Of course, if the alternative to cerebral activities is to just stare at four silent walls then rushing to your computer for a little light relief and escapism is understandable. But I have always liked the idea of being able to find something of interest in almost any situation, of being able to make the most of unpromising material. This means feeling at home in situations where the mind has little to entertain it.

There should always be something for a mind attuned to notice things to fix upon. Right now I can hear a crow cawing outside, some kind of machinery whirring up the street, the sound of distant traffic from the covered motorway just above and beyond my flat. I can feel my wrists pressing against the wood of the shelf on which my laptop is set up – and it occurs to me that I should take them off since this is probably compressing my carpal tunnel. I can feel myself slightly holding my breath while pondering what to write next, and I can see my fingers hovering above the keyboard, awaiting instructions from the brain.

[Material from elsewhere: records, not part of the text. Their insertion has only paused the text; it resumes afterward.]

(* Fix $k\in\mathbb N$ and $a_1,\dots,a_k>0$. Then, as $N\to\infty$, $$N^{2/k}\Big[\min_{j=1}^N\Big(\sum_{i=1}^k a_i(\sqrt N\gamma_{ij})^2\Big)-\min_{j=1}^N\Big(\sum_{i=1}^k a_iy_{ij}^2\Big)\Big]\to0\quad\text{in probability}.$$
   Context: Let $\mathbf{y}_1,\dots,\mathbf{y}_N$ be i.i.d. $\mathcal N(0,\mathrm{Id}_N)$ vectors in $\mathbb R^N$, $y_{ij}$ the $j$-th entry of $\mathbf y_i$. Gram–Schmidt: $\mathbf w_1=\mathbf y_1$, $\mathbf w_i=\mathbf y_i-\sum_{j<i}\frac{\langle\mathbf y_i,\mathbf w_j\rangle}{\|\mathbf w_j\|^2}\mathbf w_j$, $\boldsymbol\gamma_i=\mathbf w_i/\|\mathbf w_i\|$, with $\gamma_{ij}$ the $j$-th entry of $\boldsymbol\gamma_i$. *)

theory Defs
  imports "HOL-Probability.Probability"
begin

text \<open>Vectors in R^N are functions nat => real, entries indexed by 1..N.\<close>

definition ipN :: "nat \<Rightarrow> (nat \<Rightarrow> real) \<Rightarrow> (nat \<Rightarrow> real) \<Rightarrow> real" where
  "ipN N u v = (\<Sum>l=1..N. u l * v l)"

primrec gs_ws :: "nat \<Rightarrow> (nat \<Rightarrow> nat \<Rightarrow> real) \<Rightarrow> nat \<Rightarrow> (nat \<Rightarrow> real) list" where
  "gs_ws N y 0 = []"
| "gs_ws N y (Suc n) =
     (let ws = gs_ws N y n
      in ws @ [(\<lambda>l. y (Suc n) l - (\<Sum>w\<leftarrow>ws. ipN N (y (Suc n)) w / ipN N w w * w l))])"

definition gs_w :: "nat \<Rightarrow> (nat \<Rightarrow> nat \<Rightarrow> real) \<Rightarrow> nat \<Rightarrow> nat \<Rightarrow> real" where
  "gs_w N y i = gs_ws N y i ! (i - 1)"

definition gs_gamma :: "nat \<Rightarrow> (nat \<Rightarrow> nat \<Rightarrow> real) \<Rightarrow> nat \<Rightarrow> nat \<Rightarrow> real" where
  "gs_gamma N y i j = gs_w N y i j / sqrt (ipN N (gs_w N y i) (gs_w N y i))"

text \<open>Probability space for N i.i.d. N(0, Id_N) vectors: entries omega (i,j) = y_{ij},
  1 <= i,j <= N, i.i.d. standard Gaussians.\<close>
definition gauss_space :: "nat \<Rightarrow> (nat \<times> nat \<Rightarrow> real) measure" where
  "gauss_space N = PiM ({1..N} \<times> {1..N}) (\<lambda>_. density lborel std_normal_density)"

definition yvecs :: "(nat \<times> nat \<Rightarrow> real) \<Rightarrow> nat \<Rightarrow> nat \<Rightarrow> real" where
  "yvecs \<omega> i j = \<omega> (i, j)"

definition lemma3p10_stat :: "nat \<Rightarrow> (nat \<Rightarrow> real) \<Rightarrow> nat \<Rightarrow> (nat \<times> nat \<Rightarrow> real) \<Rightarrow> real" where
  "lemma3p10_stat k a N \<omega> =
     real N powr (2 / real k) *
       (Min ((\<lambda>j. \<Sum>i=1..k. a i * (sqrt (real N) * gs_gamma N (yvecs \<omega>) i j)^2) ` {1..N})
      - Min ((\<lambda>j. \<Sum>i=1..k. a i * (yvecs \<omega> i j)^2) ` {1..N}))"

end

theory Submission
  imports Defs
begin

I admit this isn’t much, but neither is it nothing and it is at least more solid and real than living in the virtual world of books, computers and wandering thoughts.

Even so, perhaps this desire not to drift away from reality too completely could be the fear of a single man who spends far too much time alone. There are probably millions of people out there with much better social lives than me for whom reading books, watching Youtube videos and allowing thoughts to wander idly represent a pleasant relief from the constant presence of others and the all-too-real material world.